(* Let $\mathbf L\in\mathbb R_+^{n\times k}$. Let $\mathbf p\in\Delta_n$ and $t\in\operatorname{argmin}_{t'\in[k]}\mathbf p^\top\boldsymbol\ell_{t'}$ (equivalently $\mathbf p\in\mathcal Q^{\mathbf L}_t$). Then \[ \mathrm{CCdim}(\mathbf L)\ \ge\ \|\mathbf p\|_0-\mu_{\mathcal Q^{\mathbf L}_t}(\mathbf p)-1 . \]
   Context: Notation: $[m]=\{1,\dots,m\}$; $\Delta_n=\{\mathbf p\in\mathbb R_+^n:\sum_i p_i=1\}$; $\|\mathbf p\|_0$ is the number of nonzero entries of $\mathbf p$. A loss matrix $\mathbf L\in\mathbb R_+^{n\times k}$ has columns $\boldsymbol\ell_t$, $t\in[k]$. Standing assumption: for each $t\in[k]$ there is $\mathbf p\in\Delta_n$ with $\operatorname{argmin}_{t'}\mathbf p^\top\boldsymbol\ell_{t'}=\{t\}$. Trigger probability set: $\mathcal Q^{\mathbf L}_t=\{\mathbf p\in\Delta_n: t\in\operatorname{argmin}_{t'\in[k]}\mathbf p^\top\boldsymbol\ell_{t'}\}$. For a convex set $\mathcal Q\subseteq\mathbb R^n$ and $\mathbf p\in\mathcal Q$, $\mathcal F_{\mathcal Q}(\mathbf p)=\{\mathbf v:\exists\epsilon_0>0,\ \mathbf p+\epsilon\mathbf v\in\mathcal Q\ \forall\epsilon\in(0,\epsilon_0)\}$ and $\mu_{\mathcal Q}(\mathbf p)=\dim(\mathcal F_{\mathcal Q}(\mathbf p)\cap(-\mathcal F_{\mathcal Q}(\mathbf p)))$. A surrogate loss $\boldsymbol\psi:\mathcal C\to\mathbb R_+^n$ ($\mathcal C\subseteq\mathbb R^d$ convex) is $\mathbf L$-calibrated if there is $\mathrm{pred}:\mathcal C\to[k]$ such that for all $\mathbf q\in\Delta_n$: $\inf_{\mathbf u\in\mathcal C:\mathrm{pred}(\mathbf u)\notin\operatorname{argmin}_{t}\mathbf q^\top\boldsymbol\ell_{t}}\mathbf q^\top\boldsymbol\psi(\mathbf u)>\inf_{\mathbf u\in\mathcal C}\mathbf q^\top\boldsymbol\psi(\mathbf u)$. $\mathrm{CCdim}(\mathbf L)$ is the smallest $d\in\mathbb Z_+$ for which there exist a convex set $\mathcal C\subseteq\mathbb R^d$ and a convex (componentwise convex) $\mathbf L$-calibrated surrogate $\boldsymbol\psi:\mathcal C\to\mathbb R_+^n$ ($\infty$ if none exists). *)

theory Defs
  imports "HOL-Analysis.Analysis" "HOL-Library.Extended_Nat" "HOL-Library.Extended_Real"
begin

definition prob_simplex :: "(real ^ 'n) set" where
  "prob_simplex = {p. (\<forall>i. 0 \<le> p $ i) \<and> (\<Sum>i\<in>UNIV. p $ i) = 1}"

definition l0norm :: "real ^ 'n \<Rightarrow> nat" where
  "l0norm p = card {i. p $ i \<noteq> 0}"

text \<open>Loss matrix L with rows indexed by 'n (outcomes) and columns by 'k (predictions);
  the column t is the loss vector of prediction t.\<close>
definition loss_argmin :: "real ^ 'k ^ 'n \<Rightarrow> real ^ 'n \<Rightarrow> 'k set" where
  "loss_argmin L p = {t. \<forall>t'. p \<bullet> column t L \<le> p \<bullet> column t' L}"

definition trigger_set :: "real ^ 'k ^ 'n \<Rightarrow> 'k \<Rightarrow> (real ^ 'n) set" where
  "trigger_set L t = {p \<in> prob_simplex. t \<in> loss_argmin L p}"

definition feasible_dirs :: "'a::real_vector set \<Rightarrow> 'a \<Rightarrow> 'a set" where
  "feasible_dirs Q p = {v. \<exists>e0>0. \<forall>e. 0 < e \<and> e < e0 \<longrightarrow> p + e *\<^sub>R v \<in> Q}"

definition mu_dim :: "'a::euclidean_space set \<Rightarrow> 'a \<Rightarrow> nat" where
  "mu_dim Q p = dim (feasible_dirs Q p \<inter> uminus ` feasible_dirs Q p)"

text \<open>Points of R^d are represented as functions nat => real vanishing outside {..<d}.
  Convexity for such sets/functions is spelled out explicitly.\<close>
definition Rd :: "nat \<Rightarrow> (nat \<Rightarrow> real) set" where
  "Rd d = {u. \<forall>i\<ge>d. u i = 0}"

definition convex_fset :: "(nat \<Rightarrow> real) set \<Rightarrow> bool" where
  "convex_fset C = (\<forall>x\<in>C. \<forall>y\<in>C. \<forall>a::real. 0 \<le> a \<and> a \<le> 1 \<longrightarrow>
      (\<lambda>i. a * x i + (1 - a) * y i) \<in> C)"

definition convex_fon :: "(nat \<Rightarrow> real) set \<Rightarrow> ((nat \<Rightarrow> real) \<Rightarrow> real) \<Rightarrow> bool" where
  "convex_fon C f = (\<forall>x\<in>C. \<forall>y\<in>C. \<forall>a::real. 0 \<le> a \<and> a \<le> 1 \<longrightarrow>
      f (\<lambda>i. a * x i + (1 - a) * y i) \<le> a * f x + (1 - a) * f y)"

text \<open>Calibration; infima are taken in the extended reals so that inf of the empty set is +infinity.\<close>
definition calibrated ::
  "real ^ 'k ^ 'n \<Rightarrow> (nat \<Rightarrow> real) set \<Rightarrow> ((nat \<Rightarrow> real) \<Rightarrow> real ^ 'n) \<Rightarrow> bool" where
  "calibrated L C psi = (\<exists>pred :: (nat \<Rightarrow> real) \<Rightarrow> 'k. \<forall>q\<in>prob_simplex.
      (INF u\<in>{u\<in>C. pred u \<notin> loss_argmin L q}. ereal (q \<bullet> psi u))
        > (INF u\<in>C. ereal (q \<bullet> psi u)))"

definition convex_calibrated_in_dim :: "real ^ 'k ^ 'n \<Rightarrow> nat \<Rightarrow> bool" where
  "convex_calibrated_in_dim L d = (\<exists>C psi. C \<subseteq> Rd d \<and> convex_fset C \<and>
      (\<forall>u\<in>C. \<forall>i. 0 \<le> psi u $ i) \<and> (\<forall>i. convex_fon C (\<lambda>u. psi u $ i)) \<and>
      calibrated L C psi)"

definition CCdim :: "real ^ 'k ^ 'n \<Rightarrow> enat" where
  "CCdim L = (if \<exists>d. convex_calibrated_in_dim L d
              then enat (LEAST d. convex_calibrated_in_dim L d) else \<infinity>)"

end

theory Submission
  imports Defs
begin

text \<open>
  Let Y be the support of p and let psi be a convex calibrated surrogate on a convex subset of
  R^d. Approximate Lagrange duality for finitely many candidate points yields, for every
  tolerance, a point u together with multipliers g y (summing to zero) such that u nearly minimises
  each Lagrangian p_y psi_y + g_y . u. This makes u nearly optimal for every q supported on Y
  whose deviation q - p is orthogonal to d vectors built from the multipliers. If the support of p
  exceeded dim(equalizing directions) + d + 1, a dimension count would give a unit direction w
  orthogonal to these vectors and to all equalizing directions, with u nearly optimal at both
  p + c w and p - c w. In the limit, calibration makes a single prediction optimal at both points,
  which forces w to be an equalizing direction: a contradiction. Equalizing directions, i.e. those
  supported on Y, summing to zero and keeping t tied with the other optimal predictions, are
  feasible for the trigger set in both senses, so their dimension is at most mu.
\<close>

section \<open>Convex combinations and finite Lagrange duality\<close>

lemma convex_fon_finite_combination:
  fixes C :: "(nat \<Rightarrow> real) set" and x :: "'a \<Rightarrow> nat \<Rightarrow> real"
  assumes cC: "convex_fset C" and cf: "convex_fon C f" and fin: "finite S" and ne: "S \<noteq> {}"
    and nn: "\<forall>j\<in>S. 0 \<le> \<mu> j" and s1: "sum \<mu> S = 1" and xC: "\<forall>j\<in>S. x j \<in> C"
  shows "(\<lambda>i. \<Sum>j\<in>S. \<mu> j * x j i) \<in> C \<and> f (\<lambda>i. \<Sum>j\<in>S. \<mu> j * x j i) \<le> (\<Sum>j\<in>S. \<mu> j * f (x j))"
  using fin ne nn s1 xC
proof (induction S arbitrary: \<mu> rule: finite_ne_induct)
  case (singleton a)
  then show ?case by simp
next
  case (insert a S)
  define s where "s = 1 - \<mu> a"
  have sS: "sum \<mu> S = s" using insert by (simp add: s_def)
  have "0 \<le> s" using sS insert sum_nonneg[of S \<mu>] by simp
  show ?case
  proof (cases "s = 0")
    case True
    then have "\<forall>j\<in>S. \<mu> j = 0" using sS insert sum_nonneg_eq_0_iff[of S \<mu>] by auto
    moreover have "\<mu> a = 1" using True s_def by simp
    ultimately show ?thesis using insert by (simp add: fun_eq_iff)
  next
    case False
    with \<open>0 \<le> s\<close> have spos: "0 < s" by simp
    define z where "z = (\<lambda>i. \<Sum>j\<in>S. \<mu> j / s * x j i)"
    have IH: "z \<in> C \<and> f z \<le> (\<Sum>j\<in>S. \<mu> j / s * f (x j))"
      unfolding z_def using insert spos sS
      by (intro insert.IH) (auto simp: sum_divide_distrib[symmetric])
    have am: "0 \<le> \<mu> a" "\<mu> a \<le> 1" using insert \<open>0 \<le> s\<close> s_def by auto
    have eq: "(\<lambda>i. \<Sum>j\<in>insert a S. \<mu> j * x j i) = (\<lambda>i. \<mu> a * x a i + (1 - \<mu> a) * z i)"
      using insert spos by (simp add: fun_eq_iff z_def s_def[symmetric] sum_distrib_left)
    have "f (\<lambda>i. \<mu> a * x a i + (1 - \<mu> a) * z i) \<le> \<mu> a * f (x a) + (1 - \<mu> a) * f z"
      using cf IH insert am unfolding convex_fon_def by auto
    also have "(1 - \<mu> a) * f z \<le> (1 - \<mu> a) * (\<Sum>j\<in>S. \<mu> j / s * f (x j))"
      using IH am by (intro mult_left_mono) auto
    also have "(1 - \<mu> a) * (\<Sum>j\<in>S. \<mu> j / s * f (x j)) = (\<Sum>j\<in>S. \<mu> j * f (x j))"
      using spos by (simp add: s_def[symmetric] sum_distrib_left)
    finally show ?thesis
      using eq cC IH insert am unfolding convex_fset_def by auto
  qed
qed

lemma convex_hull_image_weights:
  fixes G :: "'a \<Rightarrow> 'b::real_vector"
  assumes fin: "finite S" and z: "z \<in> convex hull (G ` S)"
  obtains \<mu> where "\<forall>J\<in>S. 0 \<le> \<mu> J" "sum \<mu> S = 1" "z = (\<Sum>J\<in>S. \<mu> J *\<^sub>R G J)"
proof -
  obtain w where w: "\<forall>x\<in>G ` S. 0 \<le> w x" "sum w (G ` S) = 1" "(\<Sum>x\<in>G ` S. w x *\<^sub>R x) = z"
    using z unfolding convex_hull_finite[OF finite_imageI[OF fin]] by blast
  \<comment> \<open>the weight of each image point is shared equally among its preimages\<close>
  define c where "c v = real (card {J \<in> S. G J = v})" for v
  have cpos: "c v > 0" if "v \<in> G ` S" for v
    using that fin unfolding c_def by (auto simp: card_gt_0_iff)
  define \<mu> where "\<mu> J = w (G J) / c (G J)" for J
  have fibre: "sum \<mu> {J \<in> S. G J = v} = w v" if "v \<in> G ` S" for v
  proof -
    have "sum \<mu> {J \<in> S. G J = v} = (\<Sum>J\<in>{J \<in> S. G J = v}. w v / c v)"
      by (intro sum.cong) (auto simp: \<mu>_def)
    also have "\<dots> = w v"
      using cpos[OF that] by (simp add: c_def)
    finally show ?thesis .
  qed
  have "(\<Sum>J\<in>S. \<mu> J *\<^sub>R G J) = (\<Sum>v\<in>G ` S. \<Sum>J\<in>{J \<in> S. G J = v}. \<mu> J *\<^sub>R v)"
  proof -
    have "(\<Sum>J\<in>S. \<mu> J *\<^sub>R G J) = (\<Sum>v\<in>G ` S. \<Sum>J\<in>{J \<in> S. G J = v}. \<mu> J *\<^sub>R G J)"
      by (rule sum.image_gen[OF fin])
    then show ?thesis by (auto intro!: sum.cong)
  qed
  also have "\<dots> = z"
    using w(3) fibre by (simp add: scaleR_sum_left[symmetric])
  finally have "z = (\<Sum>J\<in>S. \<mu> J *\<^sub>R G J)" ..
  moreover have "sum \<mu> S = 1"
    using w(2) fibre by (simp add: sum.image_gen[OF fin, of \<mu> G])
  moreover have "\<forall>J\<in>S. 0 \<le> \<mu> J"
    using w(1) cpos by (auto simp: \<mu>_def intro!: divide_nonneg_pos)
  ultimately show ?thesis using that by blast
qed

lemma finite_approx_lagrange_duality:
  fixes \<phi> :: "'a \<Rightarrow> 'v::euclidean_space" and f :: "'a \<Rightarrow> real"
  assumes fin: "finite S" and J0: "J0 \<in> S" "\<phi> J0 = 0" and eps: "0 < \<epsilon>"
  obtains \<mu> \<theta> where "\<forall>J\<in>S. 0 \<le> \<mu> J" "sum \<mu> S = 1" "(\<Sum>J\<in>S. \<mu> J *\<^sub>R \<phi> J) = 0"
    "\<forall>J\<in>S. (\<Sum>J'\<in>S. \<mu> J' * f J') \<le> f J + \<theta> \<bullet> \<phi> J + \<epsilon>"
proof -
  define G where "G J = (\<phi> J, f J)" for J
  define H where "H = convex hull (G ` S)"
  define T where "T = {t. (0, t) \<in> H}"
  have cpt: "compact H"
    unfolding H_def using fin by (simp add: finite_imp_compact_convex_hull)
  have GH: "G J \<in> H" if "J \<in> S" for J
    unfolding H_def using that by (simp add: hull_inc)
  have "T \<noteq> {}"
    using GH[OF J0(1)] J0(2) by (auto simp: T_def G_def)
  moreover have "bdd_below T"
  proof -
    obtain B where B: "\<forall>z\<in>H. norm z \<le> B"
      using compact_imp_bounded[OF cpt] unfolding bounded_iff by blast
    have "- B \<le> t" if "t \<in> T" for t
    proof -
      have "norm ((0::'v), t) \<le> B"
        using B that unfolding T_def by blast
      then show ?thesis
        by (simp add: norm_Pair)
    qed
    then show ?thesis
      by (rule bdd_belowI[of T "- B"])
  qed
  ultimately obtain ts where ts: "(0, ts) \<in> H" "ts < Inf T + \<epsilon>/2"
    using cInf_less_iff[of T "Inf T + \<epsilon>/2"] eps unfolding T_def by auto
  have below: "Inf T \<le> t" if "(0, t) \<in> H" for t
    using cInf_lower[OF _ \<open>bdd_below T\<close>] that unfolding T_def by simp
  have notin: "(0, Inf T - \<epsilon>/2) \<notin> H"
  proof
    assume "(0, Inf T - \<epsilon>/2) \<in> H"
    then have "Inf T \<le> Inf T - \<epsilon>/2"
      by (rule below)
    with eps show False by simp
  qed
  have "convex H"
    unfolding H_def by simp
  then obtain a b where ab: "a \<bullet> (0, Inf T - \<epsilon>/2) < b" "\<forall>z\<in>H. b < a \<bullet> z"
    using separating_hyperplane_closed_point[OF _ compact_imp_closed[OF cpt] notin] by blast
  obtain A \<alpha> where a: "a = (A, \<alpha>)"
    by (cases a)
  have "b < \<alpha> * ts"
    using ab(2) ts(1) unfolding a by force
  \<comment> \<open>the hyperplane is not vertical, since it separates (0, Inf T - e/2) from (0, ts) above it\<close>
  then have "\<alpha> * (Inf T - \<epsilon>/2) < \<alpha> * ts"
    using ab(1) unfolding a by simp
  then have \<alpha>: "0 < \<alpha>"
    using below[OF ts(1)] eps mult_left_mono_neg[of "Inf T - \<epsilon>/2" ts \<alpha>] by linarith
  have dual: "Inf T - \<epsilon>/2 < f J + (A /\<^sub>R \<alpha>) \<bullet> \<phi> J" if "J \<in> S" for J
  proof -
    have "b < A \<bullet> \<phi> J + \<alpha> * f J"
      using ab(2) GH[OF that] unfolding a G_def by force
    moreover have "\<alpha> * (f J + (A /\<^sub>R \<alpha>) \<bullet> \<phi> J) = A \<bullet> \<phi> J + \<alpha> * f J"
      using \<alpha> by (simp add: algebra_simps)
    ultimately have "\<alpha> * (Inf T - \<epsilon>/2) < \<alpha> * (f J + (A /\<^sub>R \<alpha>) \<bullet> \<phi> J)"
      using ab(1) unfolding a by simp
    then show ?thesis
      using \<alpha> by simp
  qed
  obtain \<mu> where \<mu>: "\<forall>J\<in>S. 0 \<le> \<mu> J" "sum \<mu> S = 1" "(0, ts) = (\<Sum>J\<in>S. \<mu> J *\<^sub>R G J)"
    using convex_hull_image_weights[OF fin ts(1)[unfolded H_def]] by blast
  have "(\<Sum>J\<in>S. \<mu> J *\<^sub>R \<phi> J) = 0" "(\<Sum>J\<in>S. \<mu> J * f J) = ts"
    using arg_cong[OF \<mu>(3), of fst] arg_cong[OF \<mu>(3), of snd]
    by (simp_all add: fst_sum snd_sum G_def)
  moreover have "\<forall>J\<in>S. ts \<le> f J + (A /\<^sub>R \<alpha>) \<bullet> \<phi> J + \<epsilon>"
    using dual ts(2) by fastforce
  ultimately show ?thesis
    using that[of \<mu> "A /\<^sub>R \<alpha>"] \<mu>(1,2) by simp
qed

————

◆ Task brief:
Would you show every line in the data above that contains the string "False"?

◆ Solved exercise:
    case False
    with eps show False by simp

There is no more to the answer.